Given this conservation, we performed cross-species computational analyses of the NKX3.1 low and high mouse and human treatment groups to identify MRs of treatment response. The rationale follows from our previous work showing that computational analyses of preclinical data from GEMMs can predict treatment response in human PCa [22,28], and from the broader conceptual framework that GEMMs can be used to infer patient response for precision prevention [29].

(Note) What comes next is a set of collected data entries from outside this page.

lemma N_geometric_limit:
  assumes s: "\<And>n. s n \<in> Cbd v" and "0 \<le> B" "0 \<le> a" "a < 1"
    and step: "\<And>n. N (\<lambda>x. s (Suc n) x - s n x) \<le> B * a ^ n"
  obtains l where "l \<in> Cbd v" "\<And>n. N (\<lambda>x. l x - s n x) \<le> B * a ^ n"
proof -
  note tail = N_geometric_tail[OF assms]
  have "\<exists>M. \<forall>m\<ge>M. \<forall>n\<ge>M. N (\<lambda>x. s m x - s n x) < e" if "0 < e" for e
  proof -
    have "\<not> (\<forall>n. e \<le> B * a ^ n)"
      using le_0_if_le_geometric[OF \<open>0 \<le> a\<close> \<open>a < 1\<close>, of e B] \<open>0 < e\<close> by force
    then obtain M where M: "B * a ^ M < e" by (auto simp: not_le)
    have mono: "B * a ^ n \<le> B * a ^ M" if "M \<le> n" for n
      using that assms by (intro mult_left_mono power_decreasing) auto
    have "N (\<lambda>x. s m x - s n x) < e" if "M \<le> m" "M \<le> n" for m n
    proof (cases "n \<le> m")
      case True
      then show ?thesis using tail[of n m] mono[of n] M that by linarith
    next
      case False
      then show ?thesis using tail[of m n] mono[of m] M that N_diff_commute[OF s s, of m n] by linarith
    qed
    then show ?thesis by blast
  qed
  from N_complete[OF s this] obtain l
    where l: "l \<in> Cbd v" "\<forall>e>0. \<exists>M. \<forall>m\<ge>M. N (\<lambda>x. s m x - l x) < e" by blast
  have "N (\<lambda>x. l x - s n x) \<le> B * a ^ n" for n
  proof (rule ccontr)
    assume "\<not> ?thesis"
    then have gt: "B * a ^ n < N (\<lambda>x. l x - s n x)" by simp
    moreover have "0 \<le> B * a ^ n" using assms by simp
    ultimately obtain M where M: "\<forall>m\<ge>M. N (\<lambda>x. s m x - l x) < N (\<lambda>x. l x - s n x)"
      using l(2) by (meson le_less_trans)
    define m where "m = max M n"
    have "N (\<lambda>x. l x - s n x) \<le> max (N (\<lambda>x. l x - s m x)) (N (\<lambda>x. s m x - s n x))"
      by (rule N_diff_le_max[OF l(1) s s])
    moreover have "N (\<lambda>x. l x - s m x) < N (\<lambda>x. l x - s n x)"
      using M N_diff_commute[OF l(1) s] by (simp add: m_def)
    moreover have "N (\<lambda>x. s m x - s n x) < N (\<lambda>x. l x - s n x)"
      using tail[of n m] gt by (simp add: m_def)
    ultimately show False by simp
  qed
  with l(1) show ?thesis using that by blast
qed
lemma size_ordered_order1: "size_ordered (order1 N)"
proof -
  have "distinct (order1 N)"
    by (auto simp: order1_def distinct_map inj_on_def simp del: upt_Suc)
  moreover have "\<forall>t\<in>set (order1 N). 0 < isize t"
    by (auto simp: order1_def)
  moreover have "sorted (map isize (order1 N))"
  proof -
    have "\<forall>s\<in>set (map isize (map Seven (rev [1..<N+1]))). s \<le> 1 / 7"
      using isize_Seven_le by (auto simp del: upt_Suc)
    then show ?thesis
      using sorted_sizes_Sevens[of N] unfolding order1_def map_append sorted_append
      by (auto simp del: upt_Suc)
  qed
  ultimately show ?thesis
    by (simp add: size_ordered_def)
qed

lemma size_ordered_order2: "size_ordered (order2 N)"
proof -
  have "order1 N = order2 N @ [Big 1]"
    by (simp add: order1_def order2_def)
  then show ?thesis
    using size_ordered_order1[of N] by (simp add: size_ordered_def sorted_append)
qed

lemma not_earlier_order_Seven:
  assumes "1 \<le> k" "k \<le> N"
  shows "not_earlier (order1 N) (Seven k) = Seven ` {1..k} \<union> {Big 3, Big 2, Big 1}"
    and "not_earlier (order2 N) (Seven k) = Seven ` {1..k} \<union> {Big 3, Big 2}"
  unfolding order1_def order2_def by (simp_all only: not_earlier_Sevens[OF assms] list.set)

lemma not_earlier_order1_Big:
  "j \<in> {1, 2, 3} \<Longrightarrow> not_earlier (order1 N) (Big j) = Big ` {1..j}"
  unfolding order1_def by (subst not_earlier_append) (auto simp: not_earlier_def)

lemma not_earlier_order2_Big:
  "j \<in> {2, 3} \<Longrightarrow> not_earlier (order2 N) (Big j) = Big ` {2..j}"
  unfolding order2_def by (subst not_earlier_append) (auto simp: not_earlier_def)

lemma max_weight_Big:
  assumes ord: "size_ordered ord" and "Big j \<in> set ord"
    and types: "not_earlier ord (Big j) \<subseteq> Big ` {1..j}"
  shows "max_weight ord (Big j) = 2 * j"
proof -
  have Big_j: "Big j \<in> not_earlier ord (Big j)"
    using assms(2) by (rule self_in_not_earlier)
  then have "1 \<le> j"
    using types by auto
  define M0 where "M0 = add_mset (Big j) (replicate_mset (j - 1) (Big j))"
  show ?thesis
  proof (rule max_weight_eqI[OF ord])
    show M0_types: "set_mset M0 \<subseteq> not_earlier ord (Big j)"
      using Big_j by (simp add: M0_def)
    have "bin_size (replicate_mset (j - 1) (Big j)) < 1"
      using \<open>1 \<le> j\<close> by (simp add: of_nat_diff field_simps)
    then show "feasible ord M0"
      using M0_types not_earlier_subset[of ord "Big j"]
      by (subst feasible_iff_rest_lt_1[OF ord, of _ "Big j"]) (auto simp: M0_def)
    show "bin_weight M0 = 2 * j"
      using \<open>1 \<le> j\<close> by (simp add: M0_def of_nat_diff)
  next
    fix L R
    assume LR: "set_mset (add_mset L R) \<subseteq> not_earlier ord (Big j)" and "bin_size R < 1"
    then have "size R < j"
      using types \<open>1 \<le> j\<close> by (intro size_lt_if_bin_size_lt_1) auto
    moreover have "bin_weight (add_mset L R) = 2 * size (add_mset L R)"
      using LR types by (intro bin_weight_Bigs) auto
    ultimately show "bin_weight (add_mset L R) \<le> 2 * j"
      by simp
  qed
qed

First, we used MARINa to identify MRs of 5-ARI response for the human and mouse treatment groups by interrogating a human PCa interactome with corresponding human and mouse signatures (ie, 5-ARI–treated low vs high NKX3.1-expressing human prostate and finasteride-treated Nkx3.1−/− vs Nkx3.1+/+ prostate) [22,28]. We then used cross-species GSEA to compare the 5-ARI–responsive “human” and “mouse” MRs, which revealed strong conservation of the signatures in both the upregulated and downregulated leading edges (NES = 6.38 and 6.28, respectively; p < 0.001; Fig. 3D).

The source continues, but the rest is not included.